» **WHAT THE TASK REQUIRES**
Your answer should contain every line of the records, transcribed word for word.

» **DATA FOR THIS TASK**
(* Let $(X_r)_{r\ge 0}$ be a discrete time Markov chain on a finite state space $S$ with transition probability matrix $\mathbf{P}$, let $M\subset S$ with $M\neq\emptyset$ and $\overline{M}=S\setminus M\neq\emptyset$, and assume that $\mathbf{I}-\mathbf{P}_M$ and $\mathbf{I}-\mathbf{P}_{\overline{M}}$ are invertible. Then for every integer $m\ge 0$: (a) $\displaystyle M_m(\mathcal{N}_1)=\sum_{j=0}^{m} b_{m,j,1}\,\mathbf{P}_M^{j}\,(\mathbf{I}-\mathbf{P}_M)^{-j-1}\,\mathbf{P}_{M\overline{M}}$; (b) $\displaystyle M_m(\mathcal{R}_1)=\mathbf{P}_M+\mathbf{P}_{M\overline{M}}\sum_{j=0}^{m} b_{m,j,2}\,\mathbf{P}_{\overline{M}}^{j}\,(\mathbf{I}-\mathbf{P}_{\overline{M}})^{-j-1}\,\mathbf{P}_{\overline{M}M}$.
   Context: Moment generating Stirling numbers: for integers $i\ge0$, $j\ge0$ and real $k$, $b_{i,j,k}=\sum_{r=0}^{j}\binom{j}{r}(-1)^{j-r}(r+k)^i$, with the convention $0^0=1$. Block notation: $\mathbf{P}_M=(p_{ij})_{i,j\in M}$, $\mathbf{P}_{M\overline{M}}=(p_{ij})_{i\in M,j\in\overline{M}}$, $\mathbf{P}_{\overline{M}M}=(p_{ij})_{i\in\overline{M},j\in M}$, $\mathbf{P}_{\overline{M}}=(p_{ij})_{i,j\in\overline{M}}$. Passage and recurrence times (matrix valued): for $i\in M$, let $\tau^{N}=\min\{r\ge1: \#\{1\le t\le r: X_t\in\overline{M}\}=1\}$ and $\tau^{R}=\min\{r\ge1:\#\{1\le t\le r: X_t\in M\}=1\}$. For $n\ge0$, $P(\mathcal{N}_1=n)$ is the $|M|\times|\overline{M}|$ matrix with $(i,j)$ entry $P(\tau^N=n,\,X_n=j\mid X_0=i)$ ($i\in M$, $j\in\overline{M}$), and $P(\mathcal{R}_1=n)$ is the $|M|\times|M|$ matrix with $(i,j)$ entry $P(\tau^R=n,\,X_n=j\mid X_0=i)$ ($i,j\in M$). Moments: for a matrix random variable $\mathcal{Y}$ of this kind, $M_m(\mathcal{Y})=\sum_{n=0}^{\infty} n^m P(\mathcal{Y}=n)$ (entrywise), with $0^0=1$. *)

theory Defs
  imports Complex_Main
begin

» **WRITTEN ANSWER**
(* Let $(X_r)_{r\ge 0}$ be a discrete time Markov chain on a finite state space $S$ with transition probability matrix $\mathbf{P}$, let $M\subset S$ with $M\neq\emptyset$ and $\overline{M}=S\setminus M\neq\emptyset$, and assume that $\mathbf{I}-\mathbf{P}_M$ and $\mathbf{I}-\mathbf{P}_{\overline{M}}$ are invertible. Then for every integer $m\ge 0$: (a) $\displaystyle M_m(\mathcal{N}_1)=\sum_{j=0}^{m} b_{m,j,1}\,\mathbf{P}_M^{j}\,(\mathbf{I}-\mathbf{P}_M)^{-j-1}\,\mathbf{P}_{M\overline{M}}$; (b) $\displaystyle M_m(\mathcal{R}_1)=\mathbf{P}_M+\mathbf{P}_{M\overline{M}}\sum_{j=0}^{m} b_{m,j,2}\,\mathbf{P}_{\overline{M}}^{j}\,(\mathbf{I}-\mathbf{P}_{\overline{M}})^{-j-1}\,\mathbf{P}_{\overline{M}M}$.
   Context: Moment generating Stirling numbers: for integers $i\ge0$, $j\ge0$ and real $k$, $b_{i,j,k}=\sum_{r=0}^{j}\binom{j}{r}(-1)^{j-r}(r+k)^i$, with the convention $0^0=1$. Block notation: $\mathbf{P}_M=(p_{ij})_{i,j\in M}$, $\mathbf{P}_{M\overline{M}}=(p_{ij})_{i\in M,j\in\overline{M}}$, $\mathbf{P}_{\overline{M}M}=(p_{ij})_{i\in\overline{M},j\in M}$, $\mathbf{P}_{\overline{M}}=(p_{ij})_{i,j\in\overline{M}}$. Passage and recurrence times (matrix valued): for $i\in M$, let $\tau^{N}=\min\{r\ge1: \#\{1\le t\le r: X_t\in\overline{M}\}=1\}$ and $\tau^{R}=\min\{r\ge1:\#\{1\le t\le r: X_t\in M\}=1\}$. For $n\ge0$, $P(\mathcal{N}_1=n)$ is the $|M|\times|\overline{M}|$ matrix with $(i,j)$ entry $P(\tau^N=n,\,X_n=j\mid X_0=i)$ ($i\in M$, $j\in\overline{M}$), and $P(\mathcal{R}_1=n)$ is the $|M|\times|M|$ matrix with $(i,j)$ entry $P(\tau^R=n,\,X_n=j\mid X_0=i)$ ($i,j\in M$). Moments: for a matrix random variable $\mathcal{Y}$ of this kind, $M_m(\mathcal{Y})=\sum_{n=0}^{\infty} n^m P(\mathcal{Y}=n)$ (entrywise), with $0^0=1$. *)

theory Defs
  imports Complex_Main
begin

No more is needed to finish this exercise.